(Saved data entries)

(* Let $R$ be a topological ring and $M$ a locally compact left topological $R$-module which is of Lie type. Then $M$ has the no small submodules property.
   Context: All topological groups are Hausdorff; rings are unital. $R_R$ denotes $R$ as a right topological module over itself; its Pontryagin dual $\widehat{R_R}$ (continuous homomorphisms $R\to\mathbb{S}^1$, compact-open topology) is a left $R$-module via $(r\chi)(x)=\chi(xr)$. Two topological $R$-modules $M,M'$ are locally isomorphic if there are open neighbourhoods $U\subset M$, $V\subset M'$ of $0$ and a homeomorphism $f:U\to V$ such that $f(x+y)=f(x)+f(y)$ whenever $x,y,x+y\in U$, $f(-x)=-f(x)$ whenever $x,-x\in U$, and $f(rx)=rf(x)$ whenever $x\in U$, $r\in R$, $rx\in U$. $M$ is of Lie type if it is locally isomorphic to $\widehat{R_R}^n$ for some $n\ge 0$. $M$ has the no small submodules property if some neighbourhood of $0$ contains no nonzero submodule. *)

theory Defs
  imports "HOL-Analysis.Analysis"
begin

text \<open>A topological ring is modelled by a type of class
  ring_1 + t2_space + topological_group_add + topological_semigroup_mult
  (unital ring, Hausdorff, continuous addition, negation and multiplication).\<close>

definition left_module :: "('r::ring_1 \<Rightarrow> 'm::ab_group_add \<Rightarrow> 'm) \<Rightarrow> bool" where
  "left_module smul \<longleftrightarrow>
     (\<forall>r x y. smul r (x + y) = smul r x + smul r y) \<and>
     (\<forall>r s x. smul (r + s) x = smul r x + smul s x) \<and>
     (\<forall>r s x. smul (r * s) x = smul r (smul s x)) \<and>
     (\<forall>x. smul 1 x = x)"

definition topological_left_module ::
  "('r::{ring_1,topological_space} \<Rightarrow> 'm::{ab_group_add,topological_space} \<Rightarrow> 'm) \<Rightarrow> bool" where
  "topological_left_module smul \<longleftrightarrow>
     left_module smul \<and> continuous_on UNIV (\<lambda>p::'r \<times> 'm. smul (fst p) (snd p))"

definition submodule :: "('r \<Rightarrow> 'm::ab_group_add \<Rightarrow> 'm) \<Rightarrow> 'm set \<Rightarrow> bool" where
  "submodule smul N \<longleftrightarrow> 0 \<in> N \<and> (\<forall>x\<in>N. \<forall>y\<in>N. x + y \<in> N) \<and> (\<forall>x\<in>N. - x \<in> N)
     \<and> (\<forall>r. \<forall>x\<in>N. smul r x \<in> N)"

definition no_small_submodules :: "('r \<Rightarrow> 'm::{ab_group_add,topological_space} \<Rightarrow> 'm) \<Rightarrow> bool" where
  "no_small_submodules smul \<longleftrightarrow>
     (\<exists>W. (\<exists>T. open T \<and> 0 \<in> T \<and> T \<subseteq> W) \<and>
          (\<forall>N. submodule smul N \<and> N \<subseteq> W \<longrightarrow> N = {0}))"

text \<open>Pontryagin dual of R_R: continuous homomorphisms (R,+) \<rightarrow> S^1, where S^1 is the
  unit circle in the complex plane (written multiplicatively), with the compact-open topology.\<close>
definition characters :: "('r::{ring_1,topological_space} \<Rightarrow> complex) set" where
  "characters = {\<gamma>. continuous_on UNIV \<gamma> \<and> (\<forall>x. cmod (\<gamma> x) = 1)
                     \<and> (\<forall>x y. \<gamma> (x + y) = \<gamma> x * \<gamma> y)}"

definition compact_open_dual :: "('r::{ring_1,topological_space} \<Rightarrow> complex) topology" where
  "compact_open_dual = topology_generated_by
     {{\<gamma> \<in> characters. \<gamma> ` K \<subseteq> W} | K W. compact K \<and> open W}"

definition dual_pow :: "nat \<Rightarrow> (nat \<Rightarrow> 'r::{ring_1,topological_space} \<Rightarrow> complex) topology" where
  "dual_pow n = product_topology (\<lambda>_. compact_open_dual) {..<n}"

### Requirement:
All lines from the one with "(\<gamma> x) = 1)" through the end of the data must be repeated exactly, and nothing else may be repeated.

### Exercise result:
  "characters = {\<gamma>. continuous_on UNIV \<gamma> \<and> (\<forall>x. cmod (\<gamma> x) = 1)
                     \<and> (\<forall>x y. \<gamma> (x + y) = \<gamma> x * \<gamma> y)}"

definition compact_open_dual :: "('r::{ring_1,topological_space} \<Rightarrow> complex) topology" where
  "compact_open_dual = topology_generated_by
     {{\<gamma> \<in> characters. \<gamma> ` K \<subseteq> W} | K W. compact K \<and> open W}"

definition dual_pow :: "nat \<Rightarrow> (nat \<Rightarrow> 'r::{ring_1,topological_space} \<Rightarrow> complex) topology" where
  "dual_pow n = product_topology (\<lambda>_. compact_open_dual) {..<n}"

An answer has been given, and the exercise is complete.